Friday, December 11, 2015

From Hamlet: A Christmas Story

I'm a bit obsessed with Hamlet. I'm not a huge Shakespeare fan (bad English major, I know), but the character of Hamlet has always drawn me in. I even wrote my final English paper about it-meaning I chose to read Shakespeare for fun.

I think part of what attracts me is the tragedy of Hamlet himself. He's lost everything, including, possibly, his sanity. He's so full of pain, and something in me feels that with him. It's like when most people get involved with a good show and start to empathize with the characters, which is normal.

But I feel pain strongest. I like to write sad stories. I like sad songs. I'm not sadistic, it just feels real. Something in me knows that the emotions are real even if the stories aren't. 

It's like I know that a vein of hurt runs just under the surface of this world, and when I tap into it, I find something that connects.

Hurt is not a stranger to us, to any of us. We all know pain, regardless of the fact that it's different from situation to situation. That's why my Instagram feed was flooded with #PrayForParis. That's why Chattanooga still talks about what happened last summer. No matter how strong your personal empathy is, we connect through pain.

This is not always a bad thing. It leads to support. It leads to closeness.

But too much of one thing is a bad thing. What goes in, comes out, and if all you have is tragedy coming in, it begins to mess with you. It starts wiring itself into your thoughts, and then your heart, and then your hands. It distorts your view of the world. It makes you feel like pain is all there is to feel, and anything else must be fake. 

Listening to the frequency of hurt can actually cause more pain. It makes you fear that those things will happen to you. Which makes you fear loss. Which keeps you from connecting to people. Which destroys the good thing that can come from pain and makes you more selfish. I know because I've been there. I've become so accustomed to it that I begin to expect bad things to happen, which has made me into someone I never wanted to be.

So my question, then, is if there is a vein of hurt, is there also a vein of hope? If we tuned into one for too long, the only option is to find something else to fill up with. Shutting everything out makes us empty, but to be human is to feel. So where is hope found? How do we balance it out?

If you listen for hope right now, there's an obvious answer: Christmas.

Even people who refuse to step foot in a church acknowledge that Christmas is a time for peace, joy, hope. Christmas is a rest, a season of hitting pause and seeking those things that we consider make life beautiful. Family. Giving. Light.

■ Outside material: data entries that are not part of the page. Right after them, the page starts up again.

lemma power4_sum: "(sum f I) ^ 4 = sum4 I (\<lambda>w x y z. f w * f x * f y * f z)"
proof -
  have "(sum f I) ^ 4 = sum f I * (sum f I * (sum f I * sum f I))" by (simp add: power4_eq_xxxx)
  also have "\<dots> = (\<Sum>w\<in>I. f w * (\<Sum>x\<in>I. f x * (\<Sum>y\<in>I. f y * sum f I)))"
    by (simp only: sum_distrib_right)
  also have "\<dots> = sum4 I (\<lambda>w x y z. f w * (f x * (f y * f z)))"
    unfolding sum4_def by (simp only: sum_distrib_left)
  finally show ?thesis by (simp add: mult.assoc)
qed

section \<open>Truncated polynomial decay\<close>

text \<open>\<open>mix_bound \<nu> K a g\<close> is the bound \<open>min(\<nu>, K g\<^sup>-\<^sup>a)\<close> for index blocks separated by a gap
  \<open>g\<close>; at \<open>g = 0\<close> mixing gives nothing and only \<open>\<nu>\<close> remains.\<close>

definition mix_bound :: "real \<Rightarrow> real \<Rightarrow> real \<Rightarrow> nat \<Rightarrow> real" where
  "mix_bound \<nu> K a g = (if g = 0 then \<nu> else min \<nu> (K * real g powr (- a)))"

definition decay_const :: "real \<Rightarrow> real \<Rightarrow> real \<Rightarrow> real \<Rightarrow> real" where
  "decay_const K a \<theta> e = 1 + K powr ((1 - \<theta>) * e) * (\<Sum>g. real g powr (- ((1 - \<theta>) * a * e)))"

lemma mix_bound_nonneg: "0 \<le> \<nu> \<Longrightarrow> 0 \<le> K \<Longrightarrow> 0 \<le> mix_bound \<nu> K a g"
  by (simp add: mix_bound_def)

lemma mix_bound_antimono:
  assumes "0 \<le> K" "0 \<le> a" "m \<le> n"
  shows "mix_bound \<nu> K a n \<le> mix_bound \<nu> K a m"
proof (cases "m = 0")
  case False
  have "K * real n powr (- a) \<le> K * real m powr (- a)"
    using False assms by (intro mult_left_mono powr_mono2') auto
  then show ?thesis using False assms by (auto simp: mix_bound_def)
qed (simp add: mix_bound_def)

lemma mix_bound_le_rescaled:
  fixes c :: nat
  assumes "0 \<le> K" "0 \<le> a" "0 < c" "R \<le> c * G"
  shows "mix_bound \<nu> K a G \<le> mix_bound \<nu> (K * c powr a) a R"
proof (cases "R = 0")
  case False
  then have "G \<noteq> 0" using assms(4) by (metis le_0_eq mult_0_right)
  have "real R \<le> real c * real G" using assms(4) by (metis of_nat_le_iff of_nat_mult)
  then have "real G powr (- a) \<le> (real R / c) powr (- a)"
    using False assms by (intro powr_mono2') (auto simp: field_simps)
  also have "(real R / c) powr (- a) = c powr a * real R powr (- a)"
    by (simp add: powr_divide powr_minus_divide)
  finally have "K * real G powr (- a) \<le> K * c powr a * real R powr (- a)"
    using assms(1) by (simp add: mult_left_mono mult.assoc)
  then show ?thesis using False \<open>G \<noteq> 0\<close> by (auto simp: mix_bound_def)
qed (simp add: mix_bound_def)

lemma mix_bound_powr_le:
  assumes \<nu>: "0 \<le> \<nu>" "\<nu> \<le> 1" and K: "0 \<le> K" and \<theta>: "0 < \<theta>" "\<theta> < 1" and e: "0 < e" "e \<le> 1"
  shows "mix_bound \<nu> K a g powr e
     \<le> \<nu> powr (\<theta> * e) * (0 ^ g + K powr ((1 - \<theta>) * e) * real g powr (- ((1 - \<theta>) * a * e)))"
proof (cases "g = 0")
  case True
  have "\<nu> powr e \<le> \<nu> powr (\<theta> * e)" using \<nu> \<theta> e by (intro powr_mono') auto
  then show ?thesis using True by (simp add: mix_bound_def)
next
  case False
  have "mix_bound \<nu> K a g powr e \<le> (\<nu> powr \<theta> * (K * real g powr (- a)) powr (1 - \<theta>)) powr e"
    using False \<nu> K \<theta> e by (auto simp: mix_bound_def intro!: powr_mono2 min_le_powr_interpolation)
  also have "\<dots> = \<nu> powr (\<theta> * e) * (K powr ((1 - \<theta>) * e) * real g powr (- ((1 - \<theta>) * a * e)))"
    by (simp add: powr_mult powr_powr mult_ac)
  finally show ?thesis using False by (simp add: zero_power)
qed

lemma mix_bound_powr_summable:
  assumes \<nu>: "0 \<le> \<nu>" "\<nu> \<le> 1" and K: "0 \<le> K" and \<theta>: "0 < \<theta>" "\<theta> < 1" and e: "0 < e" "e \<le> 1"
    and decay: "(1 - \<theta>) * a * e > 1"
  shows "summable (\<lambda>g. mix_bound \<nu> K a g powr e)"
    and "(\<Sum>g. mix_bound \<nu> K a g powr e) \<le> \<nu> powr (\<theta> * e) * decay_const K a \<theta> e"
proof -
  define b where "b g = \<nu> powr (\<theta> * e) * (0 ^ g + K powr ((1 - \<theta>) * e) * real g powr (- ((1 - \<theta>) * a * e)))"
    for g :: nat
  have zeta: "summable (\<lambda>g::nat. real g powr (- ((1 - \<theta>) * a * e)))"
    using decay by (subst summable_real_powr_iff) auto
  have geometric: "(\<lambda>g::nat. (0::real) ^ g) sums 1"
    using geometric_sums[of "0::real"] by simp
  have b: "b sums (\<nu> powr (\<theta> * e) * decay_const K a \<theta> e)"
    unfolding b_def decay_const_def
    by (intro sums_mult sums_add geometric summable_sums zeta summable_mult)
  have le_b: "mix_bound \<nu> K a g powr e \<le> b g" for g
    unfolding b_def by (rule mix_bound_powr_le[OF \<nu> K \<theta> e])
  show summable: "summable (\<lambda>g. mix_bound \<nu> K a g powr e)"
    by (rule summable_comparison_test'[of b 0]) (use b le_b in \<open>auto simp: sums_iff\<close>)
  show "(\<Sum>g. mix_bound \<nu> K a g powr e) \<le> \<nu> powr (\<theta> * e) * decay_const K a \<theta> e"
    using suminf_le[OF le_b summable] b by (simp add: sums_iff)
qed

lemma decay_const_ge_1: "(1 - \<theta>) * a * e > 1 \<Longrightarrow> 1 \<le> decay_const K a \<theta> e"
  unfolding decay_const_def
  by (auto intro!: mult_nonneg_nonneg suminf_nonneg simp: summable_real_powr_iff)

text \<open>\<open>256 = 16\<^sup>2\<close> comes from the gap estimates; \<open>32 = 4 \<cdot> 2\<^sup>3\<close> and \<open>12 = 3 \<cdot> 2\<^sup>2\<close> from the four star and
  three pair terms of the symmetrisation, each distance sum being at most twice a series.\<close>

definition moment_const :: "real \<Rightarrow> real \<Rightarrow> real \<Rightarrow> real" where
  "moment_const K a \<theta> = 256 * (32 * decay_const (K * 3 powr a) a \<theta> (1/3) ^ 3 + 12 * decay_const K a \<theta> 1 ^ 2)"

lemma moment_const_pos: "(1 - \<theta>) * a > 3 \<Longrightarrow> 0 < moment_const K a \<theta>"
  using decay_const_ge_1[of \<theta> a "1/3" "K * 3 powr a"]
  by (auto simp: moment_const_def intro!: add_pos_nonneg)

section \<open>Moments of products of centred indicators of a mixing sequence\<close>

locale mixing_indicators = prob_space M for M :: "'a measure" +
  fixes U :: "int \<Rightarrow> 'a \<Rightarrow> 'b::topological_space" and A :: "'b set" and K a :: real
  assumes U_meas: "\<And>i. U i \<in> borel_measurable M"
    and A_borel: "A \<in> sets borel"
    and K_nonneg: "0 \<le> K" and a_pos: "0 < a"
    and prob_stationary: "\<And>i. prob {\<omega>\<in>space M. U i \<omega> \<in> A} = prob {\<omega>\<in>space M. U 1 \<omega> \<in> A}"
    and mixing: "\<And>p r C D. r \<ge> 1 \<Longrightarrow> C \<in> gen_events M U {..p} \<Longrightarrow> D \<in> gen_events M U {p + int r..}
        \<Longrightarrow> \<bar>prob (C \<inter> D) - prob C * prob D\<bar> \<le> K * real r powr (- a)"
begin

definition "E i = {\<omega>\<in>space M. U i \<omega> \<in> A}"
definition "nu = prob (E 1)"
definition "Y i \<omega> = indicator (E i) \<omega> - nu"
definition "prodY L \<omega> = prod_list (map (\<lambda>k. Y k \<omega>) L)"
definition "indicator_prodY C L \<omega> = indicator C \<omega> * prodY L \<omega>"

lemma sets_E [measurable]: "E i \<in> sets M"
  unfolding E_def using U_meas A_borel by measurable

lemma E_in_gen_events: "i \<in> I \<Longrightarrow> E i \<in> gen_events M U I"
  unfolding E_def by (rule preimage_in_gen_events[OF _ A_borel])

lemma gen_events_U_subset: "gen_events M U I \<subseteq> sets M"
  by (rule gen_events_subset_sets) (rule U_meas)

lemma prob_E: "prob (E i) = nu"
  using prob_stationary unfolding E_def nu_def by auto

lemma nu_nonneg: "0 \<le> nu" and nu_le_1: "nu \<le> 1"
  unfolding nu_def by auto

lemma prodY_Nil [simp]: "prodY [] \<omega> = 1"
  and prodY_Cons: "prodY (k # L) \<omega> = Y k \<omega> * prodY L \<omega>"
  by (simp_all add: prodY_def)

lemma prodY_append: "prodY (P @ F) \<omega> = prodY P \<omega> * prodY F \<omega>"
  by (simp add: prodY_def)

lemma Y_measurable [measurable]: "Y i \<in> borel_measurable M"
  unfolding Y_def by measurable

lemma prodY_measurable [measurable]: "prodY L \<in> borel_measurable M"
  by (induction L) (auto simp: prodY_Cons)

lemma abs_Y_le_1: "\<bar>Y i \<omega>\<bar> \<le> 1"
  using nu_nonneg nu_le_1 by (auto simp: Y_def indicator_def)

lemma abs_prodY_le_1: "\<bar>prodY L \<omega>\<bar> \<le> 1"
  by (induction L) (auto simp: prodY_Cons abs_mult intro!: mult_le_one abs_Y_le_1)

lemma abs_indicator_prodY_le_1: "\<bar>indicator_prodY C L \<omega>\<bar> \<le> 1"
  using abs_prodY_le_1[of L \<omega>] by (auto simp: indicator_prodY_def indicator_def)

lemma integrable_prodY: "integrable M (prodY L)"
  by (rule integrable_const_bound[where B=1]) (auto intro: abs_prodY_le_1)

lemma indicator_prodY_measurable [measurable]:
  "C \<in> sets M \<Longrightarrow> indicator_prodY C L \<in> borel_measurable M"
  unfolding indicator_prodY_def by (intro borel_measurable_times borel_measurable_indicator prodY_measurable)

lemma integrable_indicator_prodY: "C \<in> sets M \<Longrightarrow> integrable M (indicator_prodY C L)"
  using abs_indicator_prodY_le_1 by (auto intro!: integrable_const_bound[where B=1])

lemma integrable_indicator_prodY_mult:
  "C \<in> sets M \<Longrightarrow> D \<in> sets M \<Longrightarrow> integrable M (\<lambda>\<omega>. indicator_prodY C L \<omega> * indicator_prodY D L' \<omega>)"
  using abs_indicator_prodY_le_1
  by (auto intro!: integrable_const_bound[where B=1] AE_I2 mult_le_one simp: abs_mult)

lemma indicator_prodY_Cons:
  "indicator_prodY C (k # L) \<omega> = indicator_prodY (C \<inter> E k) L \<omega> - nu * indicator_prodY C L \<omega>"
  by (simp add: indicator_prodY_def prodY_Cons Y_def indicator_inter_arith algebra_simps)

definition cov :: "('a \<Rightarrow> real) \<Rightarrow> ('a \<Rightarrow> real) \<Rightarrow> real" where
  "cov f g = (\<integral>\<omega>. f \<omega> * g \<omega> \<partial>M) - (\<integral>\<omega>. f \<omega> \<partial>M) * (\<integral>\<omega>. g \<omega> \<partial>M)"

lemma cov_commute: "cov f g = cov g f"
  by (simp add: cov_def mult.commute)

lemma cov_indicator_prodY_Cons:
  assumes "C \<in> sets M" "D \<in> sets M"
  shows "cov (indicator_prodY C P) (indicator_prodY D (k # F))
    = cov (indicator_prodY C P) (indicator_prodY (D \<inter> E k) F) - nu * cov (indicator_prodY C P) (indicator_prodY D F)"
proof -
  let ?f = "indicator_prodY C P" and ?g1 = "indicator_prodY (D \<inter> E k) F" and ?g0 = "indicator_prodY D F"
  have int: "integrable M ?f" "integrable M ?g1" "integrable M ?g0"
    "integrable M (\<lambda>\<omega>. ?f \<omega> * ?g1 \<omega>)" "integrable M (\<lambda>\<omega>. ?f \<omega> * ?g0 \<omega>)"
    using assms by (auto intro!: integrable_indicator_prodY integrable_indicator_prodY_mult)
  have "(\<integral>\<omega>. ?f \<omega> * (?g1 \<omega> - nu * ?g0 \<omega>) \<partial>M) = (\<integral>\<omega>. ?f \<omega> * ?g1 \<omega> - nu * (?f \<omega> * ?g0 \<omega>) \<partial>M)"
    by (simp add: algebra_simps)
  then show ?thesis
    using int by (simp add: cov_def indicator_prodY_Cons algebra_simps)
qed

lemma abs_diff_scaled_le:
  fixes x y b :: real
  shows "\<bar>x\<bar> \<le> b \<Longrightarrow> \<bar>y\<bar> \<le> b \<Longrightarrow> \<bar>x - nu * y\<bar> \<le> 2 * b"
  using nu_nonneg nu_le_1 mult_left_le_one_le[of "\<bar>y\<bar>" nu]
  by (auto simp: abs_mult intro!: abs_triangle_ineq4[THEN order_trans])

But, as someone who has kept Christmas lights up until June, I know full well that warm feelings and gift wrap can only go so far. Memories, although good things, aren't enough to sustain it. So we have to dig deeper, to listen more closely, and find where it comes from.

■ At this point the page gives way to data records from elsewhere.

lemma finite_imp_proH:
  assumes "finite S"
  shows "proH S le"
  unfolding proH_def
proof (intro ballI)
  fix a b assume a: "a \<in> S" and b: "b \<in> S"
  define R where "R = rel_ann S le a b"
  have R: "D_ideal S le R" unfolding R_def using a b by (rule rel_ann_D_ideal)
  have "finite R" using assms D_ideal_subset[OF R] by (rule finite_subset[rotated])
  moreover have "R \<noteq> {}" using b meet_lower2[OF a b] unfolding R_def rel_ann_def by blast
  ultimately obtain c where "c \<in> R" and c: "is_lub S le R c"
    using finite_lub_mem[OF _ subset_refl R rel_ann_join_closed[OF a b, folded R_def]] by blast
  have "R = down S le c"
  proof
    show "R \<subseteq> down S le c" using c D_ideal_subset[OF R] unfolding is_lub_def down_def by blast
    show "down S le c \<subseteq> R" using D_ideal_down_closed[OF R \<open>c \<in> R\<close>] unfolding down_def by blast
  qed
  moreover have "c \<in> S" using c unfolding is_lub_def by blast
  ultimately show "normal_ideal S le (rel_ann S le a b)"
    unfolding R_def by (simp add: normal_ideal_down)
qed

lemma proH_if_all_kproH:
  assumes "\<And>\<mu> :: 'a set set rel. regular_card \<mu> \<Longrightarrow> kproH \<mu> S le"
  shows "proH S le"
proof (cases "finite (UNIV :: 'a set)")
  case True
  then show ?thesis by (rule finite_imp_proH[OF finite_subset[OF subset_UNIV]])
next
  case False
  define \<mu> where "\<mu> = cardSuc (card_of (UNIV :: 'a set set))"
  have "\<not> finite (UNIV :: 'a set set)" using False Finite_Set.finite_set by blast
  then have kproH: "kproH \<mu> S le" unfolding \<mu>_def by (intro assms regular_card_cardSuc)
  have small: "|A| <o \<mu>" for A :: "'a set"
  proof -
    have "|A| \<le>o card_of (UNIV :: 'a set)" by (rule card_of_mono1) simp
    moreover have "card_of (UNIV :: 'a set) <o card_of (UNIV :: 'a set set)"
      using card_of_Pow[of "UNIV :: 'a set"] by simp
    moreover have "card_of (UNIV :: 'a set set) <o \<mu>"
      unfolding \<mu>_def by (rule cardSuc_greater[OF card_of_Card_order])
    ultimately show ?thesis using ordLeq_ordLess_trans ordLess_transitive by blast
  qed
  show ?thesis
    unfolding proH_def using kproH_D_ideal_normal[OF kproH rel_ann_D_ideal small] by blast
qed

end

locale set_lattice =
  fixes S :: "'a set set" and P :: "'a set"
  assumes subset_top: "X \<in> S \<Longrightarrow> X \<subseteq> P"
    and top_mem: "P \<in> S" and empty_mem: "{} \<in> S"
    and Un_mem: "X \<in> S \<Longrightarrow> Y \<in> S \<Longrightarrow> X \<union> Y \<in> S"
    and Int_mem: "X \<in> S \<Longrightarrow> Y \<in> S \<Longrightarrow> X \<inter> Y \<in> S"
begin

lemma lmeet_eq: "X \<in> S \<Longrightarrow> Y \<in> S \<Longrightarrow> lmeet S (\<subseteq>) X Y = X \<inter> Y"
  unfolding lmeet_def by (rule the_equality) (auto simp: is_glb_def Int_mem)

lemma ljoin_eq: "X \<in> S \<Longrightarrow> Y \<in> S \<Longrightarrow> ljoin S (\<subseteq>) X Y = X \<union> Y"
  unfolding ljoin_def by (rule the_equality) (auto simp: is_lub_def Un_mem)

Linus can give you a speech about it, but I'll give you one word: Emmanuel. God. With. Us.

We can't find hope within ourselves, no matter how many Dr. Phils and motivational cat posters you have. So we look outside ourselves, we look up. And when we look up, we see that hope is not just there, it's under our noses. Why?

Because God has stepped in. 
He stepped into a stable in Bethlehem, and He's still stepping into our lives today.

He's stepping in when we have too much to do, too many responsibilities to balance and personalities to placate and He's telling us: Rest.

He's stepping in when our minds are at war with our hearts, when, as Hamlet says, "Within my heart there was a kind of fighting that would not let me sleep," and He says it again: Rest. 

He's stepping in when we've looked to our family and our friends and our work and our hearts and nothing satisfies, nothing stops the pain, and He proclaims it over us: Rest.

He can proclaim Rest because He holds time, space, and every detail of every bit of existence in His hands. And when we look at what He holds we see that He already holds everything we feel like we've lost. We can rest because when we look closely, He holds us. 

It sounds so simple, but rest is so hard to learn. Mike Donehey of Tenth Avenue North often says that we must fight to rest, though it sounds like a contradiction. He's right.

There will be times that everything around you and everything in you is telling you to freak out. They'll have really good reasons and sometimes they'll call it good things, like "handling it" or "just making sure everything gets done." But what does it matter if everything gets done at the cost of you coming undone?

It's in these times that we must choose rest. And sometimes that looks like saying, "I don't know what I'm doing. I don't know how this is going to work. But You know what You're doing, and it's going to be okay." It may not feel like peace; it may feel like defeat. But maybe every time we choose not to panic, but to trust, it's tapping into that vein of hope. It's learning a little better how to hear the frequency, though it may seem faint.

There's a lot of unrest in me. I can't pretend like I'm not preaching to myself. I have a whole lot of questions, and a ridiculously small amount of answers. I write this because I'm listening in, trying to find what I'm looking for.

But I've got a feeling it can be found.